Fue una lástima que el cáncer no detectara antes

Soy diabético desde antes de los 40 años. Había probado varios medicamentos pero el funcionamiento de mi hígado no hizo más que deteriorarse. Cuando el examen médico evidenció su estado, el doctor argumentó que se debía probablemente a mi diabetes. Por lo tanto, no me sometí a ulteriores chequeos. Sin embargo, mi estado empeoró y, a principios de junio de 1992, después se ser transferido a otro hospital, me dijeron que tenía hepatitis del tipo C. Me pusieron inyecciones estimulantes, pero no tuve que permanecer mucho tiempo en el hospital.

Al año siguiente, después de un viaje acompañado de toda la familia, encontré sangre en el taburete. El diagnóstico fue cáncer del intestino grueso. Me operaron y me sacaron un tumor de 1,5 cm. El médico se lamentó de no haber detectado el cáncer antes. Después, volví al trabajo durante más de un año, aunque me sentía constantemente exhausto. En casa, no podía hacer otra cosa que permanecer echado. Ingresé de nuevo en el hospital para ser tratado del cáncer de hígado. La quimioterapia no tuvo éxito puesto que, según dijo el médico, el cáncer había sufrido metástasis.

Recuperé la fuerza y disfruté otra vez de la vida

Después de la operación, padecí un pneumonedema en el abdomen y tuve que tomar diuréticos para ayudar a aliviar la situación. Estaba perdiendo proteínas, por lo que éstas tuvieron que complementarse a través una sonda.

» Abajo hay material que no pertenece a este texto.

lemma zeta_mult_partial_euler_product:
  fixes t :: complex
  assumes t: "1 < Re t"
  shows "zeta t * (\<Prod>p\<in>primes_le N. 1 - inverse (of_nat p powr t))
           = (\<Sum>\<^sub>\<infinity>n\<in>rough_numbers N. inverse (of_nat n powr t))"
proof (induction N)
  case 0
  have "primes_le 0 = {}"
    by (auto simp: primes_le_def)
  then show ?case
    by (simp add: zeta_def rough_numbers_0 divide_inverse)
next
  case (Suc N)
  define h where "h n = inverse (of_nat n powr t :: complex)" for n :: nat
  have h_summable: "h summable_on A" for A
    unfolding h_def by (rule abs_summable_summable[OF inverse_of_nat_powr_abs_summable_on[OF t]])
  show ?case
  proof (cases "prime (Suc N)")
    case False
    then have "primes_le (Suc N) = primes_le N"
      by (auto simp: primes_le_def le_Suc_eq)
    then show ?thesis
      using Suc.IH False by (simp add: rough_numbers_Suc_not_prime)
  next
    case True
    define q where "q = Suc N"
    have primes: "primes_le (Suc N) = insert q (primes_le N)" "q \<notin> primes_le N"
      using True by (auto simp: primes_le_def q_def le_Suc_eq)
    have mult_q: "(\<lambda>m. q * m) ` rough_numbers N = {n \<in> rough_numbers N. q dvd n}"
      using True by (intro image_mult_rough_numbers) (simp_all add: q_def)
    have multiples: "h q * infsum h (rough_numbers N) = infsum h ((\<lambda>m. q * m) ` rough_numbers N)"
      unfolding h_def using True
      by (intro infsum_image_mult_inverse_of_nat_powr[OF t]) (simp add: q_def)
    have "zeta t * (\<Prod>p\<in>primes_le (Suc N). 1 - h p)
        = (1 - h q) * (zeta t * (\<Prod>p\<in>primes_le N. 1 - h p))"
      using primes by (simp add: mult_ac)
    also have "\<dots> = infsum h (rough_numbers N) - infsum h ((\<lambda>m. q * m) ` rough_numbers N)"
      using Suc.IH multiples unfolding h_def by (simp add: algebra_simps)
    also have "\<dots> = infsum h (rough_numbers N - (\<lambda>m. q * m) ` rough_numbers N)"
      by (rule infsum_Diff[symmetric]) (auto intro: h_summable simp: mult_q)
    also have "rough_numbers N - (\<lambda>m. q * m) ` rough_numbers N = rough_numbers (Suc N)"
      unfolding mult_q using True by (auto simp: rough_numbers_Suc_prime q_def)
    finally show ?thesis
      unfolding h_def .
  qed
qed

Inesperadamente, el médico dijo que era posible que la glándula linfática hubiera resultado dañada, por lo que necesitaba una nueva operación. A pesar de que ésta era bastante corriente, me encontraron polvo blanco en el hígado. Tuve entonces la certeza de que el cáncer se había propagado por todo el hígado. El médico no pudo hacer otra cosa que informarme de que sólo me quedaban algunos meses de vida. Fue en este momento cuando oí hablar del líquido Tian Xian en un reportaje de las noticias. Empecé tomando 6 botellas del líquido al día. Algunos días más tarde, en los conductos que me habían conectado aparecieron pequeños rastros de polvo blanco.

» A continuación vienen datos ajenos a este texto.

text \<open>Fubini in the n-th coordinate: the other coordinates are independent Gaussians, and
  the truncation becomes a condition on their squared sum.\<close>

lemma nn_integral_tn_dens_coordinate:
  fixes L :: "'n::finite \<Rightarrow> real" and \<phi> :: "real \<Rightarrow> real" and n :: 'n
  assumes L: "\<And>m. 0 < L m" and [measurable]: "\<phi> \<in> borel_measurable borel" and nn: "\<And>y. 0 \<le> \<phi> y"
  shows "(\<integral>\<^sup>+x. ennreal (\<phi> (x $ n) * tn_dens \<rho> L x) \<partial>lborel)
       = (\<integral>\<^sup>+y. ennreal (\<phi> y * gauss (L n) y)
            * sqsum_cdf_nn (L \<circ> basis_index) (Basis - {axis n 1}) (\<rho> - y\<^sup>2) \<partial>lborel)"
proof -
  define e :: "real^'n" where "e = axis n 1"
  have ins: "insert e (Basis - {e}) = Basis" unfolding e_def by (auto simp: Basis_vec_axis)
  have [measurable]: "tn_dens \<rho> L \<in> borel_measurable borel" using L by measurable
  have "(\<integral>\<^sup>+x. ennreal (\<phi> (x $ n) * tn_dens \<rho> L x) \<partial>lborel)
      = (\<integral>\<^sup>+f. ennreal (\<phi> ((\<Sum>b\<in>Basis. f b *\<^sub>R b :: real^'n) $ n) * tn_dens \<rho> L (\<Sum>b\<in>Basis. f b *\<^sub>R b))
           \<partial>(\<Pi>\<^sub>M b\<in>Basis. lborel))"
    by (subst lborel_eq) (simp add: nn_integral_distr)
  also have "\<dots> = (\<integral>\<^sup>+f. ennreal (\<phi> (f e) * indicator {..<\<rho>} (\<Sum>b\<in>insert e (Basis - {e}). (f b)\<^sup>2)
           * (\<Prod>b\<in>insert e (Basis - {e}). gauss ((L \<circ> basis_index) b) (f b))) \<partial>(\<Pi>\<^sub>M b\<in>insert e (Basis - {e}). lborel))"
    unfolding ins tn_dens_Basis_coords[OF L] by (simp add: e_def mult.assoc)
  also have "\<dots> = (\<integral>\<^sup>+y. ennreal (\<phi> y * gauss (L n) y)
            * sqsum_cdf_nn (L \<circ> basis_index) (Basis - {e}) (\<rho> - y\<^sup>2) \<partial>lborel)"
    by (subst sqsum_cdf_nn_insert_weighted) (auto simp: nn e_def)
  finally show ?thesis unfolding e_def .
qed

Las investigaciones llevadas a cabo por el médico no pudieron darme una respuesta directa, aunque sí me ofreció la posibilidad de dejar el hospital si así lo deseaba. Pensé que iba a morir y que el médico ya había dado por perdida toda esperanza. Aparentemente, ni el mismo médico sabía qué era ese polvo blanco.

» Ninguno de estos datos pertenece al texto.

lemma iso_via_wf_graph:
  assumes wf: "wf_graph n C" and iso: "iso_via n f h C X"
  shows "wf_graph n X"
proof -
  have V: "verts X = f ` verts C" and E: "edges X = h ` edges C"
    using iso unfolding iso_via_def bij_betw_def by auto
  have ends: "{fst (ends X (h e)), snd (ends X (h e))} = {f (fst (ends C e)), f (snd (ends C e))}"
    if "e \<in> edges C" for e
    using iso that unfolding iso_via_def by (cases "ends C e") auto
  have "(f x, f y) \<in> (adjrel X (edges X))\<^sup>*" if "(x, y) \<in> (adjrel C (edges C))\<^sup>*" for x y
    using that
  proof (induction rule: rtrancl_induct)
    case (step y z)
    then obtain e where "e \<in> edges C" "ends C e = (y, z) \<or> ends C e = (z, y)"
      by (auto simp: adjrel_iff)
    then have "(f y, f z) \<in> adjrel X (edges X)"
      using ends[of e] E unfolding adjrel_iff
      by (intro bexI[of _ "h e"]) (auto simp: doubleton_eq_iff prod_eq_iff)
    then show ?case
      by (rule rtrancl.rtrancl_into_rtrancl[OF step.IH])
  qed simp
  then show ?thesis
    using wf iso V E ends unfolding wf_graph_def iso_via_def by (auto simp: doubleton_eq_iff)
qed

lemma genus_iso_via:
  assumes "iso_via n f h C X"
  shows "genus X = genus C"
proof -
  have "(\<Sum>v\<in>verts X. wt X v) = (\<Sum>v\<in>verts C. wt C v)"
    using assms sum.reindex_bij_betw[of f "verts C" "verts X" "wt X"] unfolding iso_via_def by simp
  moreover have "card (verts X) = card (verts C)" "card (edges X) = card (edges C)"
    using assms unfolding iso_via_def by (metis bij_betw_same_card)+
  ultimately show ?thesis
    unfolding genus_def by simp
qed

lemma val_eq_sum:
  "finite (edges C) \<Longrightarrow>
    val C v = (\<Sum>e\<in>edges C. of_bool (fst (ends C e) = v) + of_bool (snd (ends C e) = v))"
  unfolding val_def by (simp add: sum.distrib Collect_conj_eq Int_commute sum.If_cases)

lemma val_iso_via:
  assumes wf: "wf_graph n C" and iso: "iso_via n f h C X" and v: "v \<in> verts C"
  shows "val X (f v) = val C v"
proof -
  have inj: "inj_on f (verts C)" and hE: "bij_betw h (edges C) (edges X)"
    using iso unfolding iso_via_def bij_betw_def by auto
  have "of_bool (fst (ends X (h e)) = f v) + of_bool (snd (ends X (h e)) = f v)
      = of_bool (fst (ends C e) = v) + (of_bool (snd (ends C e) = v) :: nat)" if "e \<in> edges C" for e
  proof -
    have "f (fst (ends C e)) = f v \<longleftrightarrow> fst (ends C e) = v" "f (snd (ends C e)) = f v \<longleftrightarrow> snd (ends C e) = v"
      using inj v wf_graph_ends[OF wf that] by (auto dest: inj_onD)
    then show ?thesis
      using iso that unfolding iso_via_def by (cases "ends C e") auto
  qed
  then have "(\<Sum>e\<in>edges C. of_bool (fst (ends X (h e)) = f v) + of_bool (snd (ends X (h e)) = f v))
      = (\<Sum>e\<in>edges C. of_bool (fst (ends C e) = v) + (of_bool (snd (ends C e) = v) :: nat))"
    by (rule sum.cong[OF refl])
  then have "(\<Sum>e\<in>edges X. of_bool (fst (ends X e) = f v) + of_bool (snd (ends X e) = f v))
      = (\<Sum>e\<in>edges C. of_bool (fst (ends C e) = v) + (of_bool (snd (ends C e) = v) :: nat))"
    using sum.reindex_bij_betw[OF hE, of "\<lambda>e. of_bool (fst (ends X e) = f v) + (of_bool (snd (ends X e) = f v) :: nat)"]
    by simp
  moreover have "finite (edges C)" "finite (edges X)"
    using wf hE bij_betw_finite unfolding wf_graph_def by auto
  ultimately show ?thesis
    by (simp add: val_eq_sum)
qed

lemma legwt_iso_via:
  assumes wf: "wf_graph n C" and iso: "iso_via n f h C X" and v: "v \<in> verts C"
  shows "legwt n a X (f v) = legwt n a C v"
proof -
  have inj: "inj_on f (verts C)" and legs: "\<forall>i\<in>{1..n}. leg X i = f (leg C i) \<and> leg C i \<in> verts C"
    using wf iso unfolding iso_via_def bij_betw_def wf_graph_def by auto
  have "{i\<in>{1..n}. leg X i = f v} = {i\<in>{1..n}. leg C i = v}"
    using legs inj_onD[OF inj _ _ v] by auto
  then show ?thesis
    unfolding legwt_def by simp
qed

lemma stable_graph_iso:
  assumes "stable_graph g n a C" "curve_iso n C X"
  shows "stable_graph g n a X"
proof -
  obtain f h where iso: "iso_via n f h C X"
    using assms(2) unfolding curve_iso_iff_iso_via by blast
  have wf: "wf_graph n C"
    using assms(1) unfolding stable_graph_def by blast
  have "verts X = f ` verts C"
    using iso unfolding iso_via_def bij_betw_def by blast
  then show ?thesis
    using assms(1) iso iso_via_wf_graph[OF wf iso] genus_iso_via[OF iso] val_iso_via[OF wf iso]
      legwt_iso_via[OF wf iso] unfolding stable_graph_def iso_via_def by auto
qed

lemma total_len_iso:
  assumes "curve_iso n C X"
  shows "total_len X = total_len C"
proof -
  obtain f h where "iso_via n f h C X"
    using assms unfolding curve_iso_iff_iso_via by blast
  then show ?thesis
    unfolding total_len_def iso_via_def using sum.reindex_bij_betw[of h "edges C" "edges X" "len X"] by auto
qed

section \<open>Moduli spaces defined by a system of cones\<close>

lemma stable_graph_len_update [simp]: "stable_graph g n a (C\<lparr>len := l\<rparr>) = stable_graph g n a C"
  by (simp add: stable_graph_def wf_graph_def adjrel_def genus_def val_def legwt_def)

lemma stable_graph_mono:
  assumes "stable_graph g n a G" "le_wt n a b"
  shows "stable_graph g n b G"
proof -
  have "0 < 2 * real (wt G v) - 2 + real (val G v) + legwt n b G v" if "v \<in> verts G" for v
  proof -
    have "legwt n a G v \<le> legwt n b G v"
      using assms(2) unfolding legwt_def le_wt_def by (intro sum_mono) auto
    moreover have "0 < 2 * real (wt G v) - 2 + real (val G v) + legwt n a G v"
      using assms(1) that unfolding stable_graph_def by blast
    ultimately show ?thesis
      by linarith
  qed
  then show ?thesis
    using assms(1) unfolding stable_graph_def by blast
qed

lemma closedin_face:
  fixes S :: "(nat \<Rightarrow> ereal) set"
  shows "closedin (top_of_set S) {l \<in> S. \<forall>e\<in>Y. l e = 0}"
proof -
  have "closed {l :: nat \<Rightarrow> ereal. l e = 0}" for e
    by (intro closed_Collect_eq continuous_on_product_coordinates continuous_on_const)
  then have "closed (\<Inter>e\<in>Y. {l :: nat \<Rightarrow> ereal. l e = 0})"
    by blast
  moreover have "{l \<in> S. \<forall>e\<in>Y. l e = 0} = S \<inter> (\<Inter>e\<in>Y. {l. l e = 0})"
    by auto
  ultimately show ?thesis
    by (simp only: closedin_closed_Int)
qed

Sin embargo, es posible que el pneumonedema de mi abdomen decreciera gracias al líquido Tian Xian. Fui sometido a una nueva operación para intentar reducir más el pneumonedema. Alrededor de un mes después de la última operación, me quitaron la intubación y obtuve el alta hospitalaria. Ahora, he recuperado nuevamente la fuerza y puedo ocuparme de mis queridas plantas como lo hacía antes. Acompaño a mi nieto a la escuela y le veo cuando tiene fiesta. Todo ello es un regalo del líquido Tian Xian.